La svolta nell’inchiesta. Il pentito dice alla Procura che quel detenuto di San Sebastiano in realtà non si è suicidato. E fa anche di più: si autoaccusa del delitto. «Sono stato io ad ammazzarlo – dirà agli inquirenti – perché ho eseguito un ordine di Pino Vandi. L’ho soffocato con un sacchetto di plastica, mi ha aiutato Nicolino Pinna, che poi ha simulato il suicidio con la striscia di coperta. Ad aprirci la cella è stato l’agente Mario Sanna». Queste, in estrema sintesi, le dichiarazioni che riaprono clamorosamente il caso Erittu e che fanno scendere in campo la Dda di Cagliari.

I sequestri di persona. Giuseppe Bigella spiega infatti ai giudici che il detenuto doveva essere ucciso perché aveva deciso di rivelare al procuratore della Repubblica Giuseppe Porqueddu che Pino Vandi era coinvolto nella scomparsa del muratore di Ossi Giuseppe Sechi legata a sua volta al sequestro del farmacista di Orune Paoletto Ruiu (entrambi mai tornati a casa). Per questo Erittu doveva sparire.

Il dibattimento. Durante il dibattimento accusa e difesa si sono scontrate su vari elementi. In particolare sull’attendibilità del reoconfesso. «Un essere umano tende a non accusarsi – aveva esordito Porcheddu nella sua requisitoria – e invece in questo caso la naturale tensione alla libertà viene invertita.
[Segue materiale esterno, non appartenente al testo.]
(* Let $r\geq 3$ be an integer and $c>0$ a real number. If $G$ is a graph of order $n$ with minimum degree $$\delta(G)>\left(\frac{r-1}{r}+c\right)n,$$ then $$k_{r+1}(G)>c\,\frac{r}{r+1}\left(\frac{n}{r}\right)^{r+1}\qquad\text{and}\qquad js^{(2,r+1,2)}(G)>c\left(\frac{n}{r}\right)^{r-2}.$$
   Context: All graphs are finite and simple. $\delta(G)$ denotes the minimum degree of $G$ and $k_s(G)$ is the number of $s$-cliques of $G$. For an integer $r\geq 2$, $js^{(2,r+1,2)}(G)$ is the maximum, over all edges $uv$ of $G$, of the number of $(r+1)$-cliques of $G$ containing both $u$ and $v$ (and $0$ if $G$ has no edges). *)

theory Defs
  imports Complex_Main
begin

definition simple_graph :: "'a set \<Rightarrow> 'a set set \<Rightarrow> bool" where
  "simple_graph V E \<longleftrightarrow> finite V \<and> (\<forall>e\<in>E. e \<subseteq> V \<and> card e = 2)"

definition degree :: "'a set \<Rightarrow> 'a set set \<Rightarrow> 'a \<Rightarrow> nat" where
  "degree V E v = card {u \<in> V. {u, v} \<in> E}"

definition min_degree :: "'a set \<Rightarrow> 'a set set \<Rightarrow> nat" where
  "min_degree V E = (if V = {} then 0 else Min (degree V E ` V))"

definition is_clique :: "'a set \<Rightarrow> 'a set set \<Rightarrow> 'a set \<Rightarrow> bool" where
  "is_clique V E K \<longleftrightarrow> K \<subseteq> V \<and> (\<forall>u\<in>K. \<forall>v\<in>K. u \<noteq> v \<longrightarrow> {u, v} \<in> E)"

definition k_cliques :: "nat \<Rightarrow> 'a set \<Rightarrow> 'a set set \<Rightarrow> nat" where
  "k_cliques s V E = card {K. is_clique V E K \<and> card K = s}"

definition edge_cliques :: "nat \<Rightarrow> 'a set \<Rightarrow> 'a set set \<Rightarrow> 'a set \<Rightarrow> nat" where
  "edge_cliques s V E e = card {K. is_clique V E K \<and> card K = s \<and> e \<subseteq> K}"

text \<open>js^(2,r+1,2)(G): max over edges of the number of (r+1)-cliques
  containing the edge; 0 if there are no edges.\<close>
definition js_edge :: "nat \<Rightarrow> 'a set \<Rightarrow> 'a set set \<Rightarrow> nat" where
  "js_edge r V E = (if E = {} then 0 else Max (edge_cliques (r + 1) V E ` E))"

end

theory Submission
  imports Defs "HOL-Combinatorics.Multiset_Permutations"
begin

text \<open>Every vertex misses at most \<open>n - \<delta>\<close> vertices, so a clique with \<open>j\<close> vertices has at
  least \<open>n - j (n - \<delta>)\<close> common neighbours. Growing a clique \<open>K\<close> one vertex at a time
  therefore yields at least \<open>\<Prod>i<m. n - (|K| + i) (n - \<delta>)\<close> ordered extensions by \<open>m\<close>
  vertices, and every \<open>(|K| + m)\<close>-clique containing \<open>K\<close> arises from exactly \<open>m!\<close> of them.
  If \<open>\<delta> > ((r - 1) / r + c) n\<close> and \<open>|K| + m = r + 1\<close>, then \<open>n - \<delta> < n / r\<close>, so all factors
  but the last are at least \<open>(r - |K| - i) n / r\<close>, while the last one exceeds \<open>r c n\<close>. Taking \<open>K\<close>
  empty gives the bound on \<open>k\<^sub>r\<^sub>+\<^sub>1\<close>, taking \<open>K\<close> an edge the bound on \<open>js\<close>.\<close>

definition common_nbhd :: "'a set \<Rightarrow> 'a set set \<Rightarrow> 'a set \<Rightarrow> 'a set" where
  "common_nbhd V E K = {v \<in> V. \<forall>u\<in>K. {u, v} \<in> E}"

definition clique_extensions :: "'a set \<Rightarrow> 'a set set \<Rightarrow> 'a set \<Rightarrow> nat \<Rightarrow> 'a list set" where
  "clique_extensions V E K m =
     {xs. length xs = m \<and> distinct xs \<and> set xs \<inter> K = {} \<and> is_clique V E (set xs \<union> K)}"

lemma min_degree_le_degree:
  assumes "finite V" and "v \<in> V"
  shows "min_degree V E \<le> degree V E v"
  using assms by (auto simp: min_degree_def)

lemma degree_le_card:
  assumes "finite V"
  shows "degree V E v \<le> card V"
  unfolding degree_def using assms by (intro card_mono) auto

lemma card_non_neighbours:
  assumes "finite V"
  shows "card {v \<in> V. {u, v} \<notin> E} = card V - degree V E u"
proof -
  have "{v \<in> V. {u, v} \<notin> E} = V - {w \<in> V. {w, u} \<in> E}"
    by (auto simp: insert_commute)
  then show ?thesis
    unfolding degree_def using assms by (simp add: card_Diff_subset)
qed

lemma card_le_card_common_nbhd:
  assumes "finite V" and "K \<subseteq> V"
  shows "card V \<le> card (common_nbhd V E K) + card K * (card V - min_degree V E)"
proof -
  have "finite K" using assms finite_subset by blast
  have "V - common_nbhd V E K = (\<Union>u\<in>K. {v \<in> V. {u, v} \<notin> E})"
    unfolding common_nbhd_def by blast
  then have "card (V - common_nbhd V E K) \<le> (\<Sum>u\<in>K. card {v \<in> V. {u, v} \<notin> E})"
    using card_UN_le[OF \<open>finite K\<close>] by simp
  also have "\<dots> \<le> (\<Sum>u\<in>K. card V - min_degree V E)"
  proof (rule sum_mono)
    fix u assume "u \<in> K"
    then show "card {v \<in> V. {u, v} \<notin> E} \<le> card V - min_degree V E"
      using assms by (simp add: card_non_neighbours diff_le_mono2 min_degree_le_degree subsetD)
  qed
  finally have "card (V - common_nbhd V E K) \<le> card K * (card V - min_degree V E)"
    by simp
  moreover have "card V \<le> card (common_nbhd V E K) + card (V - common_nbhd V E K)"
    using card_Un_le[of "common_nbhd V E K" "V - common_nbhd V E K"]
    by (simp add: Un_absorb1 common_nbhd_def)
  ultimately show ?thesis by linarith
qed

lemma finite_clique_extensions:
  assumes "finite V"
  shows "finite (clique_extensions V E K m)"
proof -
  have "clique_extensions V E K m \<subseteq> {xs. set xs \<subseteq> V \<and> length xs = m}"
    unfolding clique_extensions_def is_clique_def by auto
  then show ?thesis using finite_lists_length_eq[OF assms] finite_subset by blast
qed

lemma clique_extensionsD:
  assumes "finite V" and "xs \<in> clique_extensions V E K m"
  shows "set xs \<union> K \<subseteq> V" and "card (set xs \<union> K) = card K + m"
proof -
  show "set xs \<union> K \<subseteq> V"
    using assms(2) unfolding clique_extensions_def is_clique_def by blast
  then have "finite K" using assms(1) finite_subset by blast
  then show "card (set xs \<union> K) = card K + m"
    using assms(2) unfolding clique_extensions_def
    by (simp add: card_Un_disjoint distinct_card inf_commute)
qed

lemma Cons_mem_clique_extensions_iff:
  assumes "simple_graph V E"
  shows "w # xs \<in> clique_extensions V E K (Suc m) \<longleftrightarrow>
    xs \<in> clique_extensions V E K m \<and> w \<in> common_nbhd V E (set xs \<union> K)"
proof -
  have "{w} \<notin> E"
    using assms unfolding simple_graph_def by fastforce
  then show ?thesis
    unfolding clique_extensions_def common_nbhd_def is_clique_def
    by (auto simp: insert_commute dest: bspec[where x = w])
qed

lemma clique_extensions_Suc:
  assumes "simple_graph V E"
  shows "clique_extensions V E K (Suc m) =
    (\<lambda>(xs, w). w # xs) ` (SIGMA xs:clique_extensions V E K m. common_nbhd V E (set xs \<union> K))"
proof (intro set_eqI iffI)
  fix ys assume ys: "ys \<in> clique_extensions V E K (Suc m)"
  then obtain w xs where "ys = w # xs"
    unfolding clique_extensions_def by (cases ys) auto
  with ys show "ys \<in> (\<lambda>(xs, w). w # xs) `
      (SIGMA xs:clique_extensions V E K m. common_nbhd V E (set xs \<union> K))"
    using Cons_mem_clique_extensions_iff[OF assms] by force
qed (use Cons_mem_clique_extensions_iff[OF assms] in force)

lemma card_clique_extensions_Suc:
  assumes "simple_graph V E"
  shows "card (clique_extensions V E K (Suc m)) =
    (\<Sum>xs\<in>clique_extensions V E K m. card (common_nbhd V E (set xs \<union> K)))"
proof -
  have "finite V" using assms by (simp add: simple_graph_def)
  have "inj_on (\<lambda>(xs, w). w # xs) A" for A :: "('a list \<times> 'a) set"
    by (auto simp: inj_on_def)
  then show ?thesis
    unfolding clique_extensions_Suc[OF assms]
    using finite_clique_extensions[OF \<open>finite V\<close>] \<open>finite V\<close>
    by (simp add: card_image common_nbhd_def)
qed

lemma prod_le_card_clique_extensions:
  assumes sg: "simple_graph V E" and K: "is_clique V E K"
  shows "(\<Prod>i<m. card V - (card K + i) * (card V - min_degree V E))
    \<le> card (clique_extensions V E K m)"
proof (induction m)
  case 0
  have "clique_extensions V E K 0 = {[]}"
    using K unfolding clique_extensions_def by auto
  then show ?case by simp
next
  case (Suc m)
  define f where "f = card V - (card K + m) * (card V - min_degree V E)"
  have "finite V" using sg by (simp add: simple_graph_def)
  have "f \<le> card (common_nbhd V E (set xs \<union> K))"
    if "xs \<in> clique_extensions V E K m" for xs
    using card_le_card_common_nbhd[OF \<open>finite V\<close>, of "set xs \<union> K" E]
      clique_extensionsD[OF \<open>finite V\<close> that] unfolding f_def by simp
  then have step: "card (clique_extensions V E K m) * f \<le> card (clique_extensions V E K (Suc m))"
    unfolding card_clique_extensions_Suc[OF sg]
    using sum_mono[of "clique_extensions V E K m" "\<lambda>_. f"] by (simp add: mult.commute)
  have "(\<Prod>i<Suc m. card V - (card K + i) * (card V - min_degree V E))
      = (\<Prod>i<m. card V - (card K + i) * (card V - min_degree V E)) * f"
    by (simp add: f_def)
  also have "\<dots> \<le> card (clique_extensions V E K m) * f"
    using Suc.IH by (rule mult_right_mono) simp
  also have "\<dots> \<le> card (clique_extensions V E K (Suc m))"
    by (rule step)
  finally show ?case .
qed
Bigella incolpa se stesso e nella sua confessione c’è una coerenza espositiva dilatata nel tempo». Ma la difesa, invece, ha sempre puntato il dito sulla credibilità del chiamante in correità che anche nell’ambito del delitto Zirulia aveva tentato di accusare il figlio della vittima indicandolo come mandante. L’uomo era stato indagato ma poi la sua posizione era stata archiviata. Secondo i difensori, Bigella avrebbe adattato il suo racconto sul caso Erittu alle informazioni di cui veniva a conoscenza leggendo i giornali del periodo. Articoli che sono stati prodotti in sede dibattimentale. Ma soprattutto ci sono le perizie: quella di Francesco Maria Avato che aveva scartato l’ipotesi del suicidio e quella dell’ingegnere tessile Badiani che aveva escluso che la striscia trovata sul collo della vittima provenisse dalla coperta sequestrata nella cella. Secondo l’accusa la dimostrazione di un inquinamento probatorio, per la difesa la prova che Bigella era un mentitore. Le certezze del pm si basavano anche sulle presunte contraddizioni relative alla posizione del cadavere al momento del ritrovamento. E poi i dubbi sulla lettera nella quale la vittima chiedeva di incontrare il procuratore e che non arrivò mai a destinazione perché qualcuno la fece sparire. Missiva che secondo la difesa andò invece persa per altre ragioni.

Ora si attendono le motivazioni della sentenza.